Pria terakhir, yang tampaknya adalah pemimpin, melangkah maju sambil menyeringai dan memperingatkan neneknya. ”Mia Silverthorne. Kembalilah ke Kerajaan Avalon sebelum keadaan semakin buruk.”
Archer mengamati trio di hadapannya—individu yang berbakat dalam sihir angin memiliki rambut cokelat dan mata merah yang tajam. Meskipun lebih tinggi dari Mia dan yang lainnya, perbedaannya tidak terlalu mencolok.
Wanita yang memegang tombak itu tidak cantik, juga tidak jelek. Baginya, dia lebih seperti wanita biasa. Dia menoleh ke anggota terakhir dari trio itu, yang menyerupai banteng berotot dan tinggi. Sosoknya yang mengesankan, dengan kepala botak berkilau, memantulkan cahaya dengan cemerlang.
Dia memperhatikan ketiga orang itu mengenakan baju besi logam khusus yang memungkinkan mereka bertahan dengan baik tetapi tidak menghalangi pergerakan mereka.
Mia tersenyum sebelum berkomentar. "Yah, aku harus melakukan ini dengan cara lama. Aku senang Ibu mengajariku cara bertarung."
Archer mulai tertawa saat melihat Mia meretakkan buku-buku jarinya dan bersiap untuk bertarung. Tiba-tiba, sebuah ledakan terdengar saat dia melesat maju dan meninju penyihir angin. .
Pria itu segera melemparkan perisai, tetapi saat tinjunya mengenai sasaran, terdengar suara tepukan keras saat dia terlempar ke belakang. Penyihir itu menghantam sebuah bangunan di dekatnya, menyebabkan bangunan itu runtuh menimpanya.
Balok batu besar menghancurkannya saat ia terjatuh. Ketika dua orang lainnya melihat itu, mereka mengaktifkan sinyal. Sinyal itu melesat ke udara, meminta bantuan.
Mia melihat ini dan menerjang maju saat wanita bertombak itu mengayunkan tombaknya, tetapi dia menghindarinya sambil melemparkan Ledakan Api ke wajahnya.
Saat api menyala, api membakar wanita itu, menyebabkannya menjerit. Archer memperhatikan saat dia menendang wanita bertombak itu ke reruntuhan tempat pria itu berada. Dia mengalihkan perhatiannya ke pria terakhir, yang memegang pedang besar.
Dia melihat ekspresi marah di wajah pria itu. Mia menghadapi pendekar pedang itu dengan tekad yang tak tergoyahkan, matanya berbinar penuh semangat. Benturan tinju dengan baja bergema di alun-alun kota saat keduanya saling mengitari, masing-masing menunggu saat yang tepat untuk menyerang.

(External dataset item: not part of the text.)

(* Setting: $n$ agents on a connected, undirected weighted graph $\mathcal G$ with symmetric adjacency weights $a_{i,j}\ge 0$ ($a_{i,j}>0$ iff $\{i,j\}$ is an edge) and Laplacian $L_n$; let $L=L_n\otimes I_m$. For $i\in\{1,\dots,n\}$, $\Omega_i\subset\mathbb R^{q_i}$ is closed and convex, $f^i$ is strictly convex on an open set containing $\Omega_i$, $W_i\in\mathbb R^{m\times q_i}$, and $d_i\in\mathbb R^m$ with $\sum_{i=1}^n d_i=d_0$. Let $\Omega=\prod_i\Omega_i$, $f(x)=\sum_i f^i(x_i)$, $W=[W_1,\dots,W_n]$, $\overline W=\mathrm{diag}\{W_1,\dots,W_n\}\in\mathbb R^{nm\times\sum_iq_i}$, $d=[d_1^{\rm T},\dots,d_n^{\rm T}]^{\rm T}$, and assume Slater's condition: some $x$ in the interior of $\Omega$ satisfies $Wx=d_0$. Consider the optimization problem $\min f(x)$ subject to $Wx=d_0$, $x\in\Omega$, and the differential inclusion (DPOFA) in $(y,\lambda,z)\in\mathbb R^{\sum_iq_i}\times\mathbb R^{nm}\times\mathbb R^{nm}$: $$\dot y\in\{-y+x-g+\overline W^{\rm T}\lambda:\ g\in\partial f(x)\},\quad \dot\lambda=d-\overline Wx-L\lambda-Lz,\quad \dot z=L\lambda,\quad x=P_\Omega(y).$$ Then: if $(y^*,\lambda^*,z^* )$ is an equilibrium of DPOFA, $x^*=P_\Omega(y^* )$ is a solution of the optimization problem; conversely, if $x^*\in\Omega$ is a solution of the optimization problem, there exists an equilibrium $(y^*,\lambda^*,z^* )$ of DPOFA with $x^*=P_\Omega(y^* )$.
   Context: $\partial f$ is the convex subdifferential; $P_\Omega$ is Euclidean projection onto $\Omega$. An equilibrium of the inclusion $\dot\xi\in\mathcal F(\xi)$ is a point $\xi_e$ with $0\in\mathcal F(\xi_e)$; here this means there is $g\in\partial f(x^* )$, $x^*=P_\Omega(y^* )$, with $0=-y^*+x^*-g+\overline W^{\rm T}\lambda^*$, $0=d-\overline Wx^*-Lz^*$, $0=L\lambda^*$. *)

theory Defs
  imports "HOL-Analysis.Analysis"
begin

Pendekar pedang hebat itu menerjang maju dengan ayunan yang kuat, bertujuan untuk membelah Mia menjadi dua. Dia menari dengan lincah ke samping, nyaris menghindari lengkungan mematikan dari bilah pedang besar itu.

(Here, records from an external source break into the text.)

lemma blocks_mono: "i < q \<Longrightarrow> lo i \<le> lo (Suc i) \<and> hi i \<le> hi (Suc i)"
proof
  assume i: "i < q"
  show "lo i \<le> lo (Suc i)" unfolding lo_def by simp
  show "hi i \<le> hi (Suc i)"
  proof (cases "Suc i = q")
    case True
    have "M i \<le> z + r + 1 + s" using True unfolding M_def by auto
    moreover have "\<theta> * q = \<theta> * i + \<theta>" using True by (metis mult_Suc_right add.commute)
    moreover have "hi (Suc i) = hi q" using True by simp
    ultimately show ?thesis
      using hi_less[OF i] hi_q \<theta>_def theta_times_t s_le_ts by linarith
  next
    case False
    then have "Suc i < q" using i by simp
    then show ?thesis
      using hi_less[OF i] hi_less[OF \<open>Suc i < q\<close>] M_le[of i] M_ge(1)[of "Suc i"] by simp
  qed
qed

lemma blocks_nonempty:
  assumes "i \<le> q"
  shows "lo i \<le> hi i"
proof -
  consider "i = 0" | "i = q" | "0 < i" "i < q" using assms by linarith
  then show ?thesis
  proof cases
    case 1
    then show ?thesis using lo_0 by simp
  next
    case 2
    then show ?thesis using q_pos lo_pos[of q] hi_q z_pos by simp
  next
    case 3
    then show ?thesis
      using lo_pos[OF 3(1)] hi_less[OF 3(2)] M_ge(1)[of i] lam_pos z_pos \<theta>_def theta_times_t by linarith
  qed
qed

lemma sum_gaps:
  "(\<Sum>i<q. lo (Suc i) - Suc (hi i))
   = (q - 1) * (t * s + 1 - max z (max (lam + s) (r + 1 + s))) + (t * s + 1 - max z (r + 1 + s))"
proof -
  have "lo (Suc i) - Suc (hi i) = t * s + 1 - M i" if "i < q" for i
  proof -
    have "\<theta> * Suc i = \<theta> * i + \<theta>" by simp
    then show ?thesis
      using lo_pos[of "Suc i"] hi_less[OF that] M_ge(1)[of i] lam_less_z \<theta>_def theta_times_t by linarith
  qed
  then have "(\<Sum>i<q. lo (Suc i) - Suc (hi i)) = (\<Sum>i<q. t * s + 1 - M i)"
    by simp
  also have "\<dots> = (q - 1) * (t * s + 1 - max z (max (lam + s) (r + 1 + s))) + (t * s + 1 - max z (r + 1 + s))"
  proof -
    obtain p where q: "q = Suc p" using q_pos by (cases q) auto
    have "(\<Sum>i<p. t * s + 1 - M i) = p * (t * s + 1 - max z (max (lam + s) (r + 1 + s)))"
      using q unfolding M_def by simp
    then show ?thesis unfolding q M_def by simp
  qed
  finally show ?thesis .
qed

Dengan serangan balik yang cepat, Archer melihat Mia mengarahkan tendangan tepat ke kaki lawannya, mencoba membuatnya tak berdaya. Pendekar pedang itu, tak gentar, membalas dengan serangkaian serangan cepat.
Mia menangkis setiap pukulan, gerakannya memperlihatkan kelincahan dan keterampilan yang memukau. Benturan tinjunya dan pedangnya menghasilkan percikan api, menerangi kekacauan di sekitarnya.

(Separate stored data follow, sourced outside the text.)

text \<open>eta_k = - S_k Gamma_k Z_k^* M^* = - sum_{i=1..k} (gamma_i s_i)(gamma_i v_i)^* M^*;
  for k = 0 the sum is empty, so eta_0 = 0.\<close>
definition adi_eta :: "real^'n^'n \<Rightarrow> real^'n^'n \<Rightarrow> real^'r^'n \<Rightarrow> (nat \<Rightarrow> complex)
                   \<Rightarrow> (nat \<Rightarrow> complex^'r^'n) \<Rightarrow> nat \<Rightarrow> complex^'n^'n" where
  "adi_eta A M B \<alpha> v k =
     - (\<Sum>i=1..k. (adi_gamma \<alpha> i *\<^sub>R adi_s A M B \<alpha> v i) ** adj (adi_gamma \<alpha> i *\<^sub>R v i) ** adj (cmat M))"

definition adi_sigma :: "real^'n^'n \<Rightarrow> real^'n^'n \<Rightarrow> (nat \<Rightarrow> complex) \<Rightarrow> nat \<Rightarrow> real" where
  "adi_sigma A M \<alpha> k = snorm (cmat M ** matrix_inv (cmat A + mat (\<alpha> k) ** cmat M))"

end

theory Submission
  imports Defs
begin

text \<open>Expanding \<open>w\<^sub>k w\<^sub>k\<^sup>*\<close> with \<open>w\<^sub>k\<^sub>-\<^sub>1 = s\<^sub>k + (A + \<alpha>\<^sub>k M) v\<^sub>k\<close>, the terms in
  \<open>M v\<^sub>k v\<^sub>k\<^sup>* M\<^sup>*\<close> carry the factor \<open>\<gamma>\<^sub>k\<^sup>2 (\<alpha>\<^sub>k + cnj \<alpha>\<^sub>k + \<gamma>\<^sub>k\<^sup>2) = 0\<close>, and what is left
  differs from the increment of the true residual by \<open>-\<gamma>\<^sub>k\<^sup>2 (s\<^sub>k (M v\<^sub>k)\<^sup>* + M v\<^sub>k s\<^sub>k\<^sup>*)\<close>.
  So the residual gap is \<open>\<eta>\<^sub>k + \<eta>\<^sub>k\<^sup>*\<close>, whence \<open>\<parallel>\<Delta>R\<^sub>k\<parallel> \<le> 2\<parallel>\<eta>\<^sub>k\<parallel>\<close>, and
  \<open>\<eta>\<^sub>k = \<eta>\<^sub>k\<^sub>-\<^sub>1 - \<gamma>\<^sub>k\<^sup>2 s\<^sub>k (M v\<^sub>k)\<^sup>*\<close>. As \<open>M v\<^sub>k = M (A + \<alpha>\<^sub>k M)\<^sup>-\<^sup>1 (w\<^sub>k\<^sub>-\<^sub>1 - s\<^sub>k)\<close>,
  one step raises \<open>2\<parallel>\<eta>\<parallel>\<close> by at most \<open>2 \<sigma>\<^sub>k \<gamma>\<^sub>k\<^sup>2 x (x + \<parallel>w\<^sub>k\<^sub>-\<^sub>1\<parallel>)\<close> with \<open>x = \<parallel>s\<^sub>k\<parallel>\<close>.
  Either residual bound says that \<open>x\<close> lies below the positive root of this quadratic set equal
  to a budget \<open>d\<^sub>k\<close>, namely \<open>\<epsilon>/j\<^sub>m\<^sub>a\<^sub>x\<close> in (a) and \<open>k\<epsilon>/j\<^sub>m\<^sub>a\<^sub>x - 2\<parallel>\<eta>\<^sub>k\<^sub>-\<^sub>1\<parallel>\<close> in (b),
  so \<open>2\<parallel>\<eta>\<^sub>k\<parallel> \<le> k\<epsilon>/j\<^sub>m\<^sub>a\<^sub>x\<close> throughout.\<close>

lemma matrix_add_rdistrib: "((A::'a::semiring_1^'n^'m) + B) ** C = A ** C + B ** C"
  by (simp add: matrix_matrix_mult_def vec_eq_iff sum.distrib distrib_right)

lemma uminus_matrix_vector_mult: "(- (A::'a::ring_1^'n^'m)) *v x = - (A *v x)"
  by (simp add: matrix_vector_mult_def vec_eq_iff sum_negf)

lemma scaleR_matrix_vector_mult: "(r *\<^sub>R (A::'a::real_algebra_1^'n^'m)) *v x = r *\<^sub>R (A *v x)"
  by (simp add: matrix_vector_mult_def vec_eq_iff scaleR_sum_right)

lemma matrix_inv_left: "invertible (A::'a::semiring_1^'n^'m) \<Longrightarrow> matrix_inv A ** A = mat 1"
  unfolding invertible_def matrix_inv_def by (rule someI2_ex) auto

lemma mat_matrix_mult: "mat c ** (X::'a::comm_semiring_1^'n^'m) = (\<chi> i j. c * X $ i $ j)"
  by (simp add: mat_def matrix_matrix_mult_def vec_eq_iff if_distrib if_distribR cong: if_cong)

lemma mat_cnj_matrix_mult_add:
  "mat c ** (X::complex^'n^'m) + mat (cnj c) ** X = (2 * Re c) *\<^sub>R X"
proof -
  have "c * z + cnj c * z = (2 * Re c) *\<^sub>R z" for z
    by (simp add: scaleR_conv_of_real complex_add_cnj flip: distrib_right)
  then show ?thesis
    by (simp add: mat_matrix_mult vec_eq_iff)
qed

lemma adj_adj [simp]: "adj (adj X) = X"
  by (simp add: adj_def vec_eq_iff)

Saat pertarungan semakin sengit, sekelompok ksatria berbaju besi berat muncul di tempat kejadian, tertarik oleh sinyal yang diaktifkan oleh pendekar pedang. Mia tahu dia harus segera menyelesaikan pertarungan ini sebelum peluang berpihak padanya.
Dengan kecepatan yang tiba-tiba, Mia memperpendek jarak antara dirinya dan pendekar pedang itu. Dia dengan cekatan menghindari serangannya, menyelinap melalui celah pertahanannya.
Dia melancarkan serangkaian serangan secepat kilat dalam pertarungan jarak dekat yang memukau, memanfaatkan setiap celah dengan presisi yang luar biasa.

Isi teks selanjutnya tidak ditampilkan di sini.